- _Directions_
Take the lines below from the first through the one that contains "using cyclic_on_orbit[OF perm]" and copy them exactly.

(Stored dataset items)
· · · · ·
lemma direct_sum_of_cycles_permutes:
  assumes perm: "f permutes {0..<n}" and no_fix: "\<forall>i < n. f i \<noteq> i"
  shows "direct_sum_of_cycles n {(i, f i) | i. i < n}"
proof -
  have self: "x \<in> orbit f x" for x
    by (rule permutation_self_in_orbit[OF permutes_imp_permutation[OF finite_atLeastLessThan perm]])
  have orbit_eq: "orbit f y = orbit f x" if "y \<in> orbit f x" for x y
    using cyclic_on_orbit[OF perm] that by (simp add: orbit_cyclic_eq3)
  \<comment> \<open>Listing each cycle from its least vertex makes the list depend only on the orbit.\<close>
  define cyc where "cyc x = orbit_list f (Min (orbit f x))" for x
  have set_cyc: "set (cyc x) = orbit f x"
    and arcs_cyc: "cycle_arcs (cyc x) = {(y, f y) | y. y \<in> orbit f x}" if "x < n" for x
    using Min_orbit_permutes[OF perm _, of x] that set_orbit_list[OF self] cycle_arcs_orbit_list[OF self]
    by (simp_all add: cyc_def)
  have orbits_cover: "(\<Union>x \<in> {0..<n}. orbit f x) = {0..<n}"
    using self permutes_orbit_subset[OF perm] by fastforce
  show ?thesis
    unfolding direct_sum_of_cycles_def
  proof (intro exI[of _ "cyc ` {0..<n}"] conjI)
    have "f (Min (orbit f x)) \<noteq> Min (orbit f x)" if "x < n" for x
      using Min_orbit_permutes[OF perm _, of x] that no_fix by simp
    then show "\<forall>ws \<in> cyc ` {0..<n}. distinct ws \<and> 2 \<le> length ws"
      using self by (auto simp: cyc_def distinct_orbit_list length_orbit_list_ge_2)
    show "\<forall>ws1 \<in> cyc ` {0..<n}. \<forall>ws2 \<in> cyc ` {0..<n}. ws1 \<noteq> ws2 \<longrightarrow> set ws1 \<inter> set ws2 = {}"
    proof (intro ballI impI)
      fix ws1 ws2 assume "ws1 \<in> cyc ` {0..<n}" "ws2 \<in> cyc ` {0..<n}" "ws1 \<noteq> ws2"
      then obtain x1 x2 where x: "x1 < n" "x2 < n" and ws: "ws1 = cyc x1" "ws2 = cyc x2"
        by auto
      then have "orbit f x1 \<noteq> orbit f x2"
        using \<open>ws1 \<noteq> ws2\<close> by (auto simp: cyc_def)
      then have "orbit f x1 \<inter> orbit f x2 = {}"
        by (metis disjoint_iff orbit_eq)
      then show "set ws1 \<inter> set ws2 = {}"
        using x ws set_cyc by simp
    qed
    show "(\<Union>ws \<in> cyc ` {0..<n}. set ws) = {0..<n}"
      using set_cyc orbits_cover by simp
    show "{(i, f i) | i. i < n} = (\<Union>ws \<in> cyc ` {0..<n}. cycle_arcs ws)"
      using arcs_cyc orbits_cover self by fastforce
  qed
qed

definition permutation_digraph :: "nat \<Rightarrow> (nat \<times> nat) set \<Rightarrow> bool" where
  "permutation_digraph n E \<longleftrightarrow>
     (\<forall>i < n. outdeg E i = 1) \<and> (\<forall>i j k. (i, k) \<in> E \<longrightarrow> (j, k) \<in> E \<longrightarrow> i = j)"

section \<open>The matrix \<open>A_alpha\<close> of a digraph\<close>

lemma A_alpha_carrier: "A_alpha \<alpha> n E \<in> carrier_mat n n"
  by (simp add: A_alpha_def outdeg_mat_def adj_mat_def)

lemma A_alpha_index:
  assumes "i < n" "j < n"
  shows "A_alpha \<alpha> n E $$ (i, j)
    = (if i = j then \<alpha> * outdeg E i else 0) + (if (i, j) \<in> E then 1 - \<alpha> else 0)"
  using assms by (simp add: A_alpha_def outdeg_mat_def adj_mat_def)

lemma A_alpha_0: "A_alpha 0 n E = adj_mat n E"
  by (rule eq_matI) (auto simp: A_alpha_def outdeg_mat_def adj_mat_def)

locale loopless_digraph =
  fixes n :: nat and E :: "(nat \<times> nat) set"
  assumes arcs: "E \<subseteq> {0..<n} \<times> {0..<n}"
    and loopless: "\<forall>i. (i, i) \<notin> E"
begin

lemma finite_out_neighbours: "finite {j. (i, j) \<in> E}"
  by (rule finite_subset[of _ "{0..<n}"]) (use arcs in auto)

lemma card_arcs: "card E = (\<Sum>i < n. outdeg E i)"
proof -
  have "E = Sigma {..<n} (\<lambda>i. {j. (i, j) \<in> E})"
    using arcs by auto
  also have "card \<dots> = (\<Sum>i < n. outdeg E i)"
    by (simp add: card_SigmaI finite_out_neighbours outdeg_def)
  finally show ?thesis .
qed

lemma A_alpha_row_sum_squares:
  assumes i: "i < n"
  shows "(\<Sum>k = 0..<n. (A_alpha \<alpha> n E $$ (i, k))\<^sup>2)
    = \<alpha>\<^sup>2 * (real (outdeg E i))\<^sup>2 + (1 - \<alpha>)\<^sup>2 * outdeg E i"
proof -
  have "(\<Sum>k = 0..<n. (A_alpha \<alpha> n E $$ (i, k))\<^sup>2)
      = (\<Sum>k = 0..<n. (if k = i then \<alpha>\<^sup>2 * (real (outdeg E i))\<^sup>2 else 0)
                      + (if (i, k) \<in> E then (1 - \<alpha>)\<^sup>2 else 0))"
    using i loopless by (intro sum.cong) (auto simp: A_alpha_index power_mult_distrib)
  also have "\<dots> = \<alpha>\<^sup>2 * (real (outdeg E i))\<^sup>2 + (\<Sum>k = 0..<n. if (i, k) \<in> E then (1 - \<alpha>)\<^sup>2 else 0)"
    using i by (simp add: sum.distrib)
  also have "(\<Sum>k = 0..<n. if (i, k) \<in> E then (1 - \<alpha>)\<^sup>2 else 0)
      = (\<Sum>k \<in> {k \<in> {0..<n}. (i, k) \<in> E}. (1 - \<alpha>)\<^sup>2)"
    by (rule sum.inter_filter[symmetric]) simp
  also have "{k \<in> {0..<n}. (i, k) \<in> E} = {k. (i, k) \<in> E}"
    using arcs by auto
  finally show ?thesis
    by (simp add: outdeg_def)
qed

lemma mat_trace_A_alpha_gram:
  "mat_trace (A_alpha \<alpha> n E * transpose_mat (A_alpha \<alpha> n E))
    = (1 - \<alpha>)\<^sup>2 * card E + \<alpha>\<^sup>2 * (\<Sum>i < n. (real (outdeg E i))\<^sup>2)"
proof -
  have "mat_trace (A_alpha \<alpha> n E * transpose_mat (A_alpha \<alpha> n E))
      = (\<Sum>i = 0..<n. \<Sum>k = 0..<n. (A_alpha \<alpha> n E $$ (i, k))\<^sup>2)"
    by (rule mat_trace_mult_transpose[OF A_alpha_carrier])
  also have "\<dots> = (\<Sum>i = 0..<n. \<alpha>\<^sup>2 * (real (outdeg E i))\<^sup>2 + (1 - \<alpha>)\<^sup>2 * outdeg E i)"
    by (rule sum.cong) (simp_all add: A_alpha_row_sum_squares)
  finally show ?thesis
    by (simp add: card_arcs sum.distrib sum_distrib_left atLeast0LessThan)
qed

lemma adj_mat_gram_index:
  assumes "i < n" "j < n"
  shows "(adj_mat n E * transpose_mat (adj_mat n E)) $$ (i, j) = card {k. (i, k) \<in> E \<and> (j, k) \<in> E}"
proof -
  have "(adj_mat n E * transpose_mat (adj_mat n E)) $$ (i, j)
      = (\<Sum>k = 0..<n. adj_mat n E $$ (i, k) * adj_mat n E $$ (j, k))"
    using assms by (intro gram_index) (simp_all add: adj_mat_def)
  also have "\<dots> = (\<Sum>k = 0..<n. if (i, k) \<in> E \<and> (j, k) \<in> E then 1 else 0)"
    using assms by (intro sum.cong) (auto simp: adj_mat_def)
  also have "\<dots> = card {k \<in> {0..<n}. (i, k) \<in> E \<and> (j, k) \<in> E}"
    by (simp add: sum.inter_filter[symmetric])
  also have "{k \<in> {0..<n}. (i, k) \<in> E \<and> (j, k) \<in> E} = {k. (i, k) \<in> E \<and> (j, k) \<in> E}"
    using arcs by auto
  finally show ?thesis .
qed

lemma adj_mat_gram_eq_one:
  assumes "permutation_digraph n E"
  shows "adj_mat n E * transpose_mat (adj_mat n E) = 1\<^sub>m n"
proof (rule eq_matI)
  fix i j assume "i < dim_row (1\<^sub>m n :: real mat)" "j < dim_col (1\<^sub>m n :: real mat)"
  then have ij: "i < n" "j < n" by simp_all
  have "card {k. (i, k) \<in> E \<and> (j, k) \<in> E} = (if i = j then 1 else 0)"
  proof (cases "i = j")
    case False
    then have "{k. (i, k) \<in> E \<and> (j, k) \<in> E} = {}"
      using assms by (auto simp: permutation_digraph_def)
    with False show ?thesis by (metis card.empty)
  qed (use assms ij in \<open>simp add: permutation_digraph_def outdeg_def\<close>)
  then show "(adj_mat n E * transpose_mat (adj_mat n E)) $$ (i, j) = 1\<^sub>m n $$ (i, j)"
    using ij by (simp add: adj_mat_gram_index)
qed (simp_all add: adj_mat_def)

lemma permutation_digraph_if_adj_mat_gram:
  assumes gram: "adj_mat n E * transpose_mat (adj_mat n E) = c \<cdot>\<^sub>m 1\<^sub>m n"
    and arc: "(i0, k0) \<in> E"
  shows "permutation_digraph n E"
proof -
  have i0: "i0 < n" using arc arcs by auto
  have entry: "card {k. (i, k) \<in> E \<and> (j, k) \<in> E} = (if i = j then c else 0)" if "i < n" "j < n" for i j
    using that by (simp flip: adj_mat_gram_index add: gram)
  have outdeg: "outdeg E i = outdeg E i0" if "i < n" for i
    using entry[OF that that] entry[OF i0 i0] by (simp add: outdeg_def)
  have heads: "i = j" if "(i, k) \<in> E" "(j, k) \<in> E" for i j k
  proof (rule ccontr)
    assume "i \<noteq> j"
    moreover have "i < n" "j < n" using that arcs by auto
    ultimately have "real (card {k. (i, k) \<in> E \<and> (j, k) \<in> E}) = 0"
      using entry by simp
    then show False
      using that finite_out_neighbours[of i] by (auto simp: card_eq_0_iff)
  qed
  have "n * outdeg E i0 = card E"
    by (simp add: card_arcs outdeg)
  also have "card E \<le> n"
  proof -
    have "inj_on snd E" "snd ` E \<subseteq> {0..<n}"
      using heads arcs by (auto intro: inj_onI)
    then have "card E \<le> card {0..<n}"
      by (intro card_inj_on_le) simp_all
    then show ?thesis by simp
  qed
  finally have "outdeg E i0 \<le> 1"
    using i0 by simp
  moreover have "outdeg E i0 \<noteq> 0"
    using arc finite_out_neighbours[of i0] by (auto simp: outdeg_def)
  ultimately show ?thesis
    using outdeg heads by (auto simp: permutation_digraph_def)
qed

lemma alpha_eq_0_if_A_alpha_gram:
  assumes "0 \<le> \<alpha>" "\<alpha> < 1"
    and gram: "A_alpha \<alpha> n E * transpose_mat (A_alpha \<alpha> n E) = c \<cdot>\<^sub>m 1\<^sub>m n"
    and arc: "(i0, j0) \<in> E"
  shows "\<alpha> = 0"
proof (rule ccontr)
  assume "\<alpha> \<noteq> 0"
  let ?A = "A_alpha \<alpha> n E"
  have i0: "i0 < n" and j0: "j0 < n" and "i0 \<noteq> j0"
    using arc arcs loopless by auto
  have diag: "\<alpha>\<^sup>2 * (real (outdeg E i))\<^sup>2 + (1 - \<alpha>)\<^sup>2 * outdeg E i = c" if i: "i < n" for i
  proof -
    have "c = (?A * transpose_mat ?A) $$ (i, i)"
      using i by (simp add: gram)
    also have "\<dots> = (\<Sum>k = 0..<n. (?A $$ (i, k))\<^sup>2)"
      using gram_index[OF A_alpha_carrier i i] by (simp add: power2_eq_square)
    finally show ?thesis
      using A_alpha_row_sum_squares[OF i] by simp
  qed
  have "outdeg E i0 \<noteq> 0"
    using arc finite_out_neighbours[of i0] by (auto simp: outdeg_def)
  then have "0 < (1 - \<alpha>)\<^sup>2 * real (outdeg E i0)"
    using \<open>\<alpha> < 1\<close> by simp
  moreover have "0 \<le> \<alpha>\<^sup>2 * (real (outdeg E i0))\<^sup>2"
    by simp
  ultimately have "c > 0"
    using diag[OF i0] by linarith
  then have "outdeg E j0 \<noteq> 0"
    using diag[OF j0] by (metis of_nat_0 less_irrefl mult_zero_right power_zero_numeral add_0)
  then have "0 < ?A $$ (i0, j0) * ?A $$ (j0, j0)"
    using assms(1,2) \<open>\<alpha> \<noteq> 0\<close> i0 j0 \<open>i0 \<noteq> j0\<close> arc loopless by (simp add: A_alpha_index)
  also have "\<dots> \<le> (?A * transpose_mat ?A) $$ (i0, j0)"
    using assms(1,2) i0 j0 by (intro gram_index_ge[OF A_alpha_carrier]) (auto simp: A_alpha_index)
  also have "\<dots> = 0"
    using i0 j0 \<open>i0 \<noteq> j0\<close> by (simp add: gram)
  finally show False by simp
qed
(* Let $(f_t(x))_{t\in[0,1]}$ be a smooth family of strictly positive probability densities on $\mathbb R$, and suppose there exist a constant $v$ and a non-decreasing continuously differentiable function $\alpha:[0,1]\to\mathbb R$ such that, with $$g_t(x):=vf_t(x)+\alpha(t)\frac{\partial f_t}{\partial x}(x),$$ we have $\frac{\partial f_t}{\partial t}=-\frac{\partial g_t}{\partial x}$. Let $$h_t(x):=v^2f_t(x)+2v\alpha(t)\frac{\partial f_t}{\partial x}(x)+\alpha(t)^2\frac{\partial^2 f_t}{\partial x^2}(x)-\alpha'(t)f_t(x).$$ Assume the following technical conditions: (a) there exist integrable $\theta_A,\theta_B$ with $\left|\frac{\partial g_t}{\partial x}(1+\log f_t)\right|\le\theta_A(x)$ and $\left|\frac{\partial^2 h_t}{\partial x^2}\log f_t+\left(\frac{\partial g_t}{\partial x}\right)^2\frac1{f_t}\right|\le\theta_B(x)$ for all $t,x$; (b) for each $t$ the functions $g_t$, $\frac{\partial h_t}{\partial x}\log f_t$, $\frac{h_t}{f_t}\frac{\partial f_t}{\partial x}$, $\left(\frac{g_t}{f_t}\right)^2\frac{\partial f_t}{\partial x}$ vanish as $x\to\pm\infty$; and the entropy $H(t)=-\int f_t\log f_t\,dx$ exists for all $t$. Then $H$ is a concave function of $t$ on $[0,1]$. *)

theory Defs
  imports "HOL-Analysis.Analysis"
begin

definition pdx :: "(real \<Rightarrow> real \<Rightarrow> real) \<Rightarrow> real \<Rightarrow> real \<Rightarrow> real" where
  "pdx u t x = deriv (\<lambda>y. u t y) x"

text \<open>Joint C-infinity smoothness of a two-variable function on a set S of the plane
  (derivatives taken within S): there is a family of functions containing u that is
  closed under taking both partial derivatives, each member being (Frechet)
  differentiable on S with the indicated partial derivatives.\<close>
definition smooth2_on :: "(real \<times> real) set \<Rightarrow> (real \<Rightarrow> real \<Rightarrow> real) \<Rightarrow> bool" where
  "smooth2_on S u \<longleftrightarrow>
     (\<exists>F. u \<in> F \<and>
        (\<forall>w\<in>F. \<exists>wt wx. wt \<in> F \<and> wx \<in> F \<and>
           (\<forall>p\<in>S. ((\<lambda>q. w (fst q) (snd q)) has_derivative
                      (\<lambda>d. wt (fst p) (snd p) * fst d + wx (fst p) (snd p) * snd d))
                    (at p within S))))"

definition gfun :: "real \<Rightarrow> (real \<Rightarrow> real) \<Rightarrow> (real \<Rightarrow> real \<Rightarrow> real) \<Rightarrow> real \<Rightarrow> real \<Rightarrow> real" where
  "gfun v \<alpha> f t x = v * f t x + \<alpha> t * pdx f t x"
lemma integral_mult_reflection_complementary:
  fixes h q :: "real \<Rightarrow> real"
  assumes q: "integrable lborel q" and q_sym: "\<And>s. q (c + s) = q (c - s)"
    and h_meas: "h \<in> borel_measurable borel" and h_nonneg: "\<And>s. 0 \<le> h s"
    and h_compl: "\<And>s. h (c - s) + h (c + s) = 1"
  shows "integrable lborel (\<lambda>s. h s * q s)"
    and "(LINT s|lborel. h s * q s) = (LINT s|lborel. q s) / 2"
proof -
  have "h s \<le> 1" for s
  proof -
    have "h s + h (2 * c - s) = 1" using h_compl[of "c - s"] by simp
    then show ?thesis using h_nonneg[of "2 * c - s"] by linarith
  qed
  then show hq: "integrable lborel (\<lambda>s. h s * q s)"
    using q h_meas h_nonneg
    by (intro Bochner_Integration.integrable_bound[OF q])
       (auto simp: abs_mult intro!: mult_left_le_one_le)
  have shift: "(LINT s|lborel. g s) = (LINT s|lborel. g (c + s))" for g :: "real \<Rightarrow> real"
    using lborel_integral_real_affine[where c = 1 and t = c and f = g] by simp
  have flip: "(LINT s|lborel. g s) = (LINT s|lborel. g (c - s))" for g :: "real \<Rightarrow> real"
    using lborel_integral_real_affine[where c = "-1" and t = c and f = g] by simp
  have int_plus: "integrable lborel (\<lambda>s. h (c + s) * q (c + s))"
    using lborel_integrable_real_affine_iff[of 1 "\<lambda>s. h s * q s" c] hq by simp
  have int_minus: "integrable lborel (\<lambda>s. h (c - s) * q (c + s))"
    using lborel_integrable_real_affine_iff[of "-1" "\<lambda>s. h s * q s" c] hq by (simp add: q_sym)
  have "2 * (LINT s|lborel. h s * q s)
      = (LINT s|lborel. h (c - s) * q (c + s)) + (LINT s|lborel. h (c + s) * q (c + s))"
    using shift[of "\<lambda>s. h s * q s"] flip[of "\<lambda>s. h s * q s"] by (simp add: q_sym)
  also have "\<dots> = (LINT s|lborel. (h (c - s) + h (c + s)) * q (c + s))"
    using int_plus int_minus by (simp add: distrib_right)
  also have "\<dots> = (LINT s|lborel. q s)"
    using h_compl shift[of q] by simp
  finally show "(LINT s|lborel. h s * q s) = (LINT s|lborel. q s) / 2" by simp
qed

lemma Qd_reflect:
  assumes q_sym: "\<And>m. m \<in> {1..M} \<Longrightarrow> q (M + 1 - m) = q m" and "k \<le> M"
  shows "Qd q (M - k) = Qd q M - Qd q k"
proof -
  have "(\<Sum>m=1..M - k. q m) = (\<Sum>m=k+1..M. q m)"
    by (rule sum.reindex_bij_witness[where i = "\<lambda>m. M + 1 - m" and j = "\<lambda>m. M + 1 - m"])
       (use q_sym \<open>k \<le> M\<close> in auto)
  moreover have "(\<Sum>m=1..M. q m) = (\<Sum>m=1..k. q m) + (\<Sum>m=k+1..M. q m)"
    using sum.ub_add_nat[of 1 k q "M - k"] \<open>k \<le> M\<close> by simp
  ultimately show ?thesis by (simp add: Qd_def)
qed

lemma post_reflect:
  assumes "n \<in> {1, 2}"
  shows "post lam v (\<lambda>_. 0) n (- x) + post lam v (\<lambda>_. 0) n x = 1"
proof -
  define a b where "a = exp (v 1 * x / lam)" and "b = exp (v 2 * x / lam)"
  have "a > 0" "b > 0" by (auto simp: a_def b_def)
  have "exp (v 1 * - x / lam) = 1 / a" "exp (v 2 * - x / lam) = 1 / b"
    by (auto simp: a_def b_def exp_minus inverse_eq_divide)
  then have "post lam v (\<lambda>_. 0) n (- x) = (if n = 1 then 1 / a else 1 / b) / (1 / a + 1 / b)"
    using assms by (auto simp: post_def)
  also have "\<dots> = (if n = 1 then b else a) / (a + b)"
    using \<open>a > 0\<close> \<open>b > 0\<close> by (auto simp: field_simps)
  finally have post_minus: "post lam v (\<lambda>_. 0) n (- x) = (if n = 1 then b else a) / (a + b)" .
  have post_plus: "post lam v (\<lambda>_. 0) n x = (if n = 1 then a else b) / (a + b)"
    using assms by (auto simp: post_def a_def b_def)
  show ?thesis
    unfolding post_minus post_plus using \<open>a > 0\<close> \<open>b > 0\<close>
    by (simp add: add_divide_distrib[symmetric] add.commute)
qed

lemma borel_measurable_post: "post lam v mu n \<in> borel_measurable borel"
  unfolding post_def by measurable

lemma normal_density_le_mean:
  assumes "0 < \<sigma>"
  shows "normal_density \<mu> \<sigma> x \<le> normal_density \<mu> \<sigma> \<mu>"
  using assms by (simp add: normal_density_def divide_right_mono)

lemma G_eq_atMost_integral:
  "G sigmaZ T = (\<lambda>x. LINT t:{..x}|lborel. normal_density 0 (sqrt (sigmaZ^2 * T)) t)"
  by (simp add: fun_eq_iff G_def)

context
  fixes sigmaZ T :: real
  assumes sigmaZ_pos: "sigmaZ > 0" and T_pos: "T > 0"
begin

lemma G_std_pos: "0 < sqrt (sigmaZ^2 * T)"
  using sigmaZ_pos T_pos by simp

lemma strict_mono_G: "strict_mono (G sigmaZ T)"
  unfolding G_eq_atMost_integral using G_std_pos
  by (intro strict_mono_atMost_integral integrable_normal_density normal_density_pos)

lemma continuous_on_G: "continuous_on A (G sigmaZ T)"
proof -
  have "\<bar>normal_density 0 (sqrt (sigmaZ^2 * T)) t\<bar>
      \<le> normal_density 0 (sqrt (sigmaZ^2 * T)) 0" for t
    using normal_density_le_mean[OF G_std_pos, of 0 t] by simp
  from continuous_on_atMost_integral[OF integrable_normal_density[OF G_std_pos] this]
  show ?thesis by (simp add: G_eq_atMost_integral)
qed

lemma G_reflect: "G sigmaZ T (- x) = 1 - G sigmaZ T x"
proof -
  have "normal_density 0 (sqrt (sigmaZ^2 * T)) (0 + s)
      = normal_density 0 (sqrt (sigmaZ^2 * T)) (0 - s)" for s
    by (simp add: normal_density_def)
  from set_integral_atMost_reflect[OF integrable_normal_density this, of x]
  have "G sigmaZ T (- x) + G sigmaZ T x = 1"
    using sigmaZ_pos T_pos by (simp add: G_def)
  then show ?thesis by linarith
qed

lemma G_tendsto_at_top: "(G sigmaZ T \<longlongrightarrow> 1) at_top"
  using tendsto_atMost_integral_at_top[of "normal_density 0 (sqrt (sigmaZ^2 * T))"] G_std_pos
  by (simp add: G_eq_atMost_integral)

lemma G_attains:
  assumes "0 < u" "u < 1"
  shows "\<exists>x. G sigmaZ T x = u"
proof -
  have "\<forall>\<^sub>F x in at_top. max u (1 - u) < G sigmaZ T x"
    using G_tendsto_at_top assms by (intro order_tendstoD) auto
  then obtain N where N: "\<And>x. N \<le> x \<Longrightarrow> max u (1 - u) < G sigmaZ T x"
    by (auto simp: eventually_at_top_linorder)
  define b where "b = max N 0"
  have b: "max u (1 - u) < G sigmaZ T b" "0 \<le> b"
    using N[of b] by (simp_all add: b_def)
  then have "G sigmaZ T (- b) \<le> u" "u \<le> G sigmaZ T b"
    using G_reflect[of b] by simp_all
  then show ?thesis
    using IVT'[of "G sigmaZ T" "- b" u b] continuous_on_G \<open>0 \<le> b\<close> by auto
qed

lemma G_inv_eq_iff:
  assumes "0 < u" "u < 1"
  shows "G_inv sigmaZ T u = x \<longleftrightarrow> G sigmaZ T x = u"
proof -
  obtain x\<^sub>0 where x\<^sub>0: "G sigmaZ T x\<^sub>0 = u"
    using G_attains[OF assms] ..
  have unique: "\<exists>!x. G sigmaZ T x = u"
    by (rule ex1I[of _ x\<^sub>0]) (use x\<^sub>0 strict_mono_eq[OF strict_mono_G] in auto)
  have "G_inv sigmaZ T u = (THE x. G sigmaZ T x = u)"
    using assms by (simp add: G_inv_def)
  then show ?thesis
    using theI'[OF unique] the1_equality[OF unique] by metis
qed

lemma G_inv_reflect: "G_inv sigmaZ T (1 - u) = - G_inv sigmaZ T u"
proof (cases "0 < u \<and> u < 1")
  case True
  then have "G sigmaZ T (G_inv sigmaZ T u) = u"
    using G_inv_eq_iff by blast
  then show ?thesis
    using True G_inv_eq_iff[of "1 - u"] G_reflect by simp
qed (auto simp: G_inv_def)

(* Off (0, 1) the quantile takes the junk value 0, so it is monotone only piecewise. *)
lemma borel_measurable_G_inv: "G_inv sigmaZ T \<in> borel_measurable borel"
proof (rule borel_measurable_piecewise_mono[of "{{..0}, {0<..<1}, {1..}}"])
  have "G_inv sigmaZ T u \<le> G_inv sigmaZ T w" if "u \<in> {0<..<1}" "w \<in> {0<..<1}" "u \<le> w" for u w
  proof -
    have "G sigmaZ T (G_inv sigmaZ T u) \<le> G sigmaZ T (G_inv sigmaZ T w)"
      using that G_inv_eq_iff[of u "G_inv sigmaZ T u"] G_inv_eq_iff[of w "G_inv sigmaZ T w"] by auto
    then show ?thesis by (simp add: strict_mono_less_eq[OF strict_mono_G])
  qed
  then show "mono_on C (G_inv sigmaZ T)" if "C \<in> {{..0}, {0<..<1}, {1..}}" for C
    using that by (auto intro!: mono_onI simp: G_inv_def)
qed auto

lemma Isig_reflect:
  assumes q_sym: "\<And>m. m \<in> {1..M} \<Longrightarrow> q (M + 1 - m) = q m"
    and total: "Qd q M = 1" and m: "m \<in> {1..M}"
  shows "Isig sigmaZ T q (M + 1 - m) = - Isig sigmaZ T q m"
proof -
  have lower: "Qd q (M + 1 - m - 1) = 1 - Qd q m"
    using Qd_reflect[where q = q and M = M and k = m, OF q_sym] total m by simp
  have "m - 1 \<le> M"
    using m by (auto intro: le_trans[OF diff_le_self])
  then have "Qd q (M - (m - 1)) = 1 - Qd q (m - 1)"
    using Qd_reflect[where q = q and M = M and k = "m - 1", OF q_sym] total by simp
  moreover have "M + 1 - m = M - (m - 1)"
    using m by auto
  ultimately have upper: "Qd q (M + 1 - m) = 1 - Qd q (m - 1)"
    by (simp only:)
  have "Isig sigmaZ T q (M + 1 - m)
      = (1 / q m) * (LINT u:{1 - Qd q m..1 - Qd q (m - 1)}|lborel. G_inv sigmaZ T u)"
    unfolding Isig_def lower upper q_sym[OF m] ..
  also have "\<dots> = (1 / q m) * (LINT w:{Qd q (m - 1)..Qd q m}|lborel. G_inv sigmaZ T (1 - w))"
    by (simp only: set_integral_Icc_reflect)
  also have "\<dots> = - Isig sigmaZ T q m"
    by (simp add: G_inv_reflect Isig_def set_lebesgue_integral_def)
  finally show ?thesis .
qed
· · · · ·
- _Problem solution_
lemma direct_sum_of_cycles_permutes:
  assumes perm: "f permutes {0..<n}" and no_fix: "\<forall>i < n. f i \<noteq> i"
  shows "direct_sum_of_cycles n {(i, f i) | i. i < n}"
proof -
  have self: "x \<in> orbit f x" for x
    by (rule permutation_self_in_orbit[OF permutes_imp_permutation[OF finite_atLeastLessThan perm]])
  have orbit_eq: "orbit f y = orbit f x" if "y \<in> orbit f x" for x y
    using cyclic_on_orbit[OF perm] that by (simp add: orbit_cyclic_eq3)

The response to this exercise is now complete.